━━━ Listed records
lemma asleep_below_alive_after_kill:
  assumes inv: "hydra_inv s" and alive: "s u = Alive"
    and v: "kill V r p s u v = Alive" and w: "w \<in> sub v" "w \<noteq> v"
  shows "kill V r p s u w = Asleep"
proof -
  have "s w = Asleep"
  proof (cases "v \<in> ch u")
    case True
    then have "w \<noteq> u"
      using w(1) child_in_subtree child_neq subtree_antisym by blast
    then show ?thesis
      using asleep_below_alive[OF inv alive] w(1) True child_in_subtree subtree_trans by blast
  next
    case False
    then show ?thesis
      using alive_after_kill[OF v] asleep_below_alive[OF inv] w by blast
  qed
  moreover have "w \<notin> ch u"
  proof
    assume "w \<in> ch u"
    then have "u \<in> sub v"
      using parent_in_subtree[OF w] parent_child by simp
    then show False
      using alive_after_kill[OF v] asleep_below_alive[OF inv] alive child_in_subtree child_neq
        subtree_antisym by fastforce
  qed
  ultimately show ?thesis
    using alive kill_other by (metis status.distinct(1))
qed

lemma dead_above_alive_after_kill:
  assumes inv: "hydra_inv s" and alive: "s u = Alive"
    and v: "kill V r p s u v = Alive" and a: "v \<in> sub a" "a \<noteq> v"
  shows "kill V r p s u a = Dead"
proof (cases "a = u")
  case True then show ?thesis by (simp add: kill_self)
next
  case False
  have "s a = Dead"
  proof (cases "v \<in> ch u")
    case True
    then have "u \<in> sub a"
      using parent_in_subtree[of v a] a parent_child by auto
    then show ?thesis
      using dead_above_alive[OF inv alive] False by blast
  next
    case False
    then show ?thesis
      using alive_after_kill[OF v] dead_above_alive[OF inv] a by blast
  qed
  then show ?thesis
    using False children_of_alive_asleep[OF inv alive] kill_other by fastforce
qed

lemma hydra_inv_kill: "hydra_inv s \<Longrightarrow> s u = Alive \<Longrightarrow> hydra_inv (kill V r p s u)"
  unfolding hydra_inv_def[of "kill V r p s u"]
  using asleep_below_alive_after_kill dead_above_alive_after_kill by blast

lemma reachable_hydra_inv: "reachable V r p s \<Longrightarrow> hydra_inv s"
  by (induction rule: reachable.induct) (auto intro: hydra_inv_init hydra_inv_kill)

subsection \<open>Ranks\<close>

lemma sum_rank_le:
  assumes "A \<subseteq> sub v"
    and disjoint: "\<And>a b. a \<in> A \<Longrightarrow> b \<in> A \<Longrightarrow> a \<noteq> b \<Longrightarrow> sub a \<inter> sub b = {}"
  shows "(\<Sum>a\<in>A. rk s a) \<le> rk s v"
proof -
  let ?L = "\<lambda>a. {w \<in> sub a. is_leaf V r p w \<and> s w \<noteq> Dead}"
  have "finite A"
    using assms(1) finite_subtree by (rule finite_subset)
  then have "(\<Sum>a\<in>A. rk s a) = card (\<Union>a\<in>A. ?L a)"
    unfolding rank_def using disjoint finite_subtree by (subst card_UN_disjoint) auto
  also have "\<dots> \<le> rk s v"
    unfolding rank_def using assms(1) subtree_trans finite_subtree by (intro card_mono) auto
  finally show ?thesis .
qed

lemma rank_cong:
  assumes "\<And>x. x \<in> sub a \<Longrightarrow> is_leaf V r p x \<Longrightarrow> s' x = Dead \<longleftrightarrow> s x = Dead"
  shows "rk s' a = rk s a"
  unfolding rank_def using assms by (intro arg_cong[where f = card] Collect_cong) blast

lemma rank_kill:
  assumes inv: "hydra_inv s" and alive: "s u = Alive"
    and untouched: "u \<notin> sub w \<or> \<not> is_leaf V r p u"
  shows "rk (kill V r p s u) w = rk s w"
proof (rule rank_cong)
  fix x assume "x \<in> sub w" "is_leaf V r p x"
  then have "x \<noteq> u" using untouched by blast
  then show "kill V r p s u x = Dead \<longleftrightarrow> s x = Dead"
    by (cases "x \<in> ch u")
      (simp_all add: kill_child kill_other children_of_alive_asleep[OF inv alive])
qed

lemma rank_le_root: "w \<in> V \<Longrightarrow> rk s w \<le> rk s r"
  using sum_rank_le[of "{w}" r] subtree_root by simp

lemma rank_kill_alive:
  assumes "hydra_inv s" "s u = Alive" "s w = Alive" "w \<noteq> u"
  shows "rk (kill V r p s u) w = rk s w"
  using rank_kill[OF assms(1,2)] dead_above_alive[OF assms(1,2)] assms(3,4) by fastforce

lemma sum_rank_alive_le: "hydra_inv s \<Longrightarrow> (\<Sum>w | w \<in> V \<and> s w = Alive. rk s w) \<le> rk s r"
  using alive_subtrees_disjoint subtree_root by (intro sum_rank_le) auto

lemma rank_root_kill_leaf:
  assumes "is_leaf V r p u" "s u = Alive"
  shows "rk s r = Suc (rk (kill V r p s u) r)"
proof -
  let ?L = "\<lambda>s. {w \<in> sub r. is_leaf V r p w \<and> s w \<noteq> Dead}"
  have "?L (kill V r p s u) = ?L s - {u}"
    using assms(1) by (auto simp: kill_def is_leaf_def)
  moreover have "u \<in> ?L s"
    using assms subtree_root by (simp add: is_leaf_def)
  then have "card (?L s) = Suc (card (?L s - {u}))"
    using card_Suc_Diff1[of "?L s" u] finite_subtree by fastforce
  ultimately show ?thesis
    unfolding rank_def by simp
qed

subsection \<open>The potential\<close>

lemma Phi_diff_add_herc_cost:
  assumes "u \<in> V"
  shows "Phi V r p s' - Phi V r p s + herc_cost V r p s s' u =
      4 * real height * (harm (rk s' r) - harm (rk s r)) + (\<eta> s' u - \<eta> s u) * real (lvl u)
      + (\<Sum>w\<in>V - {u}. (\<eta> s' w - \<eta> s w) * real (lvl w + dT u w))"
proof -
  have "(\<Sum>w\<in>V. \<eta> s' w * real (lvl w)) - (\<Sum>w\<in>V. \<eta> s w * real (lvl w))
      = (\<eta> s' u - \<eta> s u) * real (lvl u) + (\<Sum>w\<in>V - {u}. (\<eta> s' w - \<eta> s w) * real (lvl w))"
    by (simp add: sum.remove[OF finite_V assms] left_diff_distrib sum_subtractf)
  then show ?thesis
    unfolding Phi_def herc_cost_def
    by (simp add: sum.distrib sum_subtractf algebra_simps)
qed

lemma eta_nonneg: "0 \<le> \<eta> s w"
  by (simp add: eta_def)

lemma eta_kill_self: "\<eta> (kill V r p s u) u = 0"
  by (simp add: eta_def kill_self)

lemma eta_kill_inner:
  assumes inv: "hydra_inv s" and alive: "s u = Alive" and "\<not> is_leaf V r p u" "w \<noteq> u"
  shows "\<eta> (kill V r p s u) w - \<eta> s w = (if w \<in> ch u then real (rk s w) / real (rk s r) else 0)"
  using assms rank_kill[OF inv alive] children_of_alive_asleep[OF inv alive]
  by (auto simp: eta_def kill_child kill_other)

lemma eta_kill_leaf:
  assumes inv: "hydra_inv s" and alive: "s u = Alive" and leaf: "is_leaf V r p u" and "w \<noteq> u"
  shows "\<eta> (kill V r p s u) w - \<eta> s w =
    (if s w = Alive
     then real (rk s w) * (1 / real (rk (kill V r p s u) r) - 1 / real (rk s r)) else 0)"
proof -
  have "kill V r p s u w = s w"
    using leaf \<open>w \<noteq> u\<close> by (simp add: kill_other is_leaf_def)
  then show ?thesis
    using rank_kill_alive[OF inv alive _ \<open>w \<noteq> u\<close>] by (simp add: eta_def right_diff_distrib)
qed

lemma sum_eta_diff_kill_inner_le:
  assumes inv: "hydra_inv s" and alive: "s u = Alive" and inner: "\<not> is_leaf V r p u"
  shows "(\<Sum>w\<in>V - {u}. (\<eta> (kill V r p s u) w - \<eta> s w) * real (lvl w + dT u w))
    \<le> real (rk s u) / real (rk s r) * real (lvl u)"
proof -
  let ?R = "real (rk s r)"
  have "(\<Sum>w\<in>V - {u}. (\<eta> (kill V r p s u) w - \<eta> s w) * real (lvl w + dT u w))
      = (\<Sum>c\<in>ch u. real (rk s c) / ?R * real (lvl c + dT u c))"
    using eta_kill_inner[OF inv alive inner] child_in_V[of _ u] child_neq[of _ u]
    by (intro sum.mono_neutral_cong_right) (auto simp: finite_V)
  also have "\<dots> \<le> (\<Sum>c\<in>ch u. real (rk s c) / ?R * real (lvl u))"
  proof (intro sum_mono mult_left_mono)
    fix c assume "c \<in> ch u"
    then show "real (lvl c + dT u c) \<le> real (lvl u)"
      using level_child tdist_child by fastforce
  qed simp
  also have "\<dots> = real (\<Sum>c\<in>ch u. rk s c) / ?R * real (lvl u)"
    by (simp add: sum_distrib_right sum_divide_distrib)
  also have "\<dots> \<le> real (rk s u) / ?R * real (lvl u)"
  proof -
    have "(\<Sum>c\<in>ch u. rk s c) \<le> rk s u"
      using child_in_subtree children_subtrees_disjoint by (intro sum_rank_le) auto
    then show ?thesis
      by (intro mult_right_mono divide_right_mono) (simp_all flip: of_nat_sum)
  qed
  finally show ?thesis .
qed

lemma eta_le_eta_kill_leaf:
  assumes inv: "hydra_inv s" and alive: "s u = Alive" and leaf: "is_leaf V r p u"
    and w: "w \<in> V" "w \<noteq> u"
  shows "\<eta> s w \<le> \<eta> (kill V r p s u) w"
proof (cases "s w = Alive")
  case True
  let ?R' = "rk (kill V r p s u) r"
  have "0 \<le> real (rk s w) * (1 / real ?R' - 1 / real (Suc ?R'))"
  proof (cases "?R' = 0")
    case True
    then have "rk s w = 0"
      using rank_kill_alive[OF inv alive \<open>s w = Alive\<close> w(2)]
        rank_le_root[OF w(1), of "kill V r p s u"] by simp
    then show ?thesis by simp
  qed (simp add: frac_le)
  then show ?thesis
    using eta_kill_leaf[OF inv alive leaf w(2)] rank_root_kill_leaf[of u s, OF leaf alive] True
    by simp
qed (use eta_kill_leaf[OF inv alive leaf w(2)] in simp)

lemma sum_eta_gain_kill_leaf_le:
  assumes inv: "hydra_inv s" and alive: "s u = Alive" and leaf: "is_leaf V r p u"
  shows "(\<Sum>w\<in>V - {u}. \<eta> (kill V r p s u) w - \<eta> s w) \<le> 1 / real (rk s r)"
proof -
  let ?s' = "kill V r p s u"
  define R' where "R' = rk ?s' r"
  define A where "A = {w \<in> V. ?s' w = Alive}"
  define q where "q = 1 / real R' - 1 / real (Suc R')"
  have R: "rk s r = Suc R'"
    unfolding R'_def using rank_root_kill_leaf[of u s, OF leaf alive] .
  have A: "A = {w \<in> V. w \<noteq> u \<and> s w = Alive}"
    using leaf by (auto simp: A_def kill_def is_leaf_def)
  have "(\<Sum>w\<in>A. rk s w) = (\<Sum>w\<in>A. rk ?s' w)"
    using rank_kill_alive[OF inv alive] A by simp
  also have "\<dots> \<le> R'"
    unfolding A_def R'_def using sum_rank_alive_le[OF hydra_inv_kill[OF inv alive]] by simp
  finally have sum_A: "(\<Sum>w\<in>A. rk s w) \<le> R'" .
  have "(\<Sum>w\<in>V - {u}. \<eta> ?s' w - \<eta> s w) = (\<Sum>w\<in>A. real (rk s w) * q)"
    using eta_kill_leaf[OF inv alive leaf] R A
    by (intro sum.mono_neutral_cong_right) (auto simp: q_def R'_def finite_V)
  also have "\<dots> = real (\<Sum>w\<in>A. rk s w) * q"
    by (simp add: sum_distrib_right)
  also have "\<dots> \<le> 1 / real (Suc R')"
  proof (cases "R' = 0")
    case True
    then show ?thesis using sum_A by simp
  next
    case False
    then have "0 \<le> q" "real R' * q = 1 / real (Suc R')"
      by (simp_all add: q_def frac_le right_diff_distrib divide_simps)
    moreover have "real (\<Sum>w\<in>A. rk s w) \<le> real R'"
      using sum_A by (rule of_nat_mono)
    ultimately show ?thesis
      using mult_right_mono[of "real (\<Sum>w\<in>A. rk s w)" "real R'" q] by simp
  qed
  finally show ?thesis
    using R by simp
qed

lemma sum_eta_diff_kill_leaf_le:
  assumes inv: "hydra_inv s" and alive: "s u = Alive" and leaf: "is_leaf V r p u"
  shows "(\<Sum>w\<in>V - {u}. (\<eta> (kill V r p s u) w - \<eta> s w) * real (lvl w + dT u w))
    \<le> 3 * real height / real (rk s r)"
proof -
  let ?gain = "\<lambda>w. \<eta> (kill V r p s u) w - \<eta> s w"
  have "(\<Sum>w\<in>V - {u}. ?gain w * real (lvl w + dT u w)) \<le> (\<Sum>w\<in>V - {u}. ?gain w * (3 * real height))"
  proof (intro sum_mono mult_left_mono)
    fix w assume "w \<in> V - {u}"
    then show "real (lvl w + dT u w) \<le> 3 * real height" "0 \<le> ?gain w"
      using level_le_height tdist_le_twice_height eta_le_eta_kill_leaf[OF inv alive leaf] leaf
      by (fastforce simp: is_leaf_def)+
  qed
  also have "\<dots> = (\<Sum>w\<in>V - {u}. ?gain w) * (3 * real height)"
    by (simp add: sum_distrib_right)
  also have "\<dots> \<le> 1 / real (rk s r) * (3 * real height)"
    using sum_eta_gain_kill_leaf_le[OF inv alive leaf] by (intro mult_right_mono) simp_all
  finally show ?thesis by simp
qed

lemma amortized_kill:
  assumes inv: "hydra_inv s" and "u \<in> V" and alive: "s u = Alive"
  shows "Phi V r p (kill V r p s u) - Phi V r p s \<le> - herc_cost V r p s (kill V r p s u) u"
proof -
  let ?s' = "kill V r p s u"
  let ?R = "real (rk s r)"
  let ?shift = "\<Sum>w\<in>V - {u}. (\<eta> ?s' w - \<eta> s w) * real (lvl w + dT u w)"
  have "4 * real height * (harm (rk ?s' r) - harm (rk s r)) + (\<eta> ?s' u - \<eta> s u) * real (lvl u)
      + ?shift \<le> 0"
  proof (cases "is_leaf V r p u")
    case True
    have "harm (rk ?s' r) - harm (rk s r) = - 1 / ?R"
      using rank_root_kill_leaf[of u s, OF True alive] by (simp add: harm_Suc inverse_eq_divide)
    moreover have "(\<eta> ?s' u - \<eta> s u) * real (lvl u) \<le> 0"
      using eta_nonneg[of s u] by (simp add: eta_kill_self)
    moreover have "?shift \<le> 3 * real height / ?R"
      using sum_eta_diff_kill_leaf_le[OF inv alive True] .
    moreover have "3 * real height / ?R \<le> 4 * real height / ?R"
      by (intro divide_right_mono) auto
    ultimately show ?thesis
      by simp
  next
    case False
    have "rk ?s' r = rk s r"
      using rank_kill[OF inv alive] False by blast
    moreover have "\<eta> ?s' u - \<eta> s u = - (real (rk s u) / ?R)"
      using alive by (simp add: eta_kill_self) (simp add: eta_def)
    moreover have "?shift \<le> real (rk s u) / ?R * real (lvl u)"
      using sum_eta_diff_kill_inner_le[OF inv alive False] .
    ultimately show ?thesis
      by simp
  qed
  then show ?thesis
    using Phi_diff_add_herc_cost[OF \<open>u \<in> V\<close>, of ?s' s] by linarith
qed

end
━━━━━━
▶ [What to do]: Please list every line of the records that contains "untouched".

▶ [Your solution]:
    and untouched: "u \<notin> sub w \<or> \<not> is_leaf V r p u"
  then have "x \<noteq> u" using untouched by blast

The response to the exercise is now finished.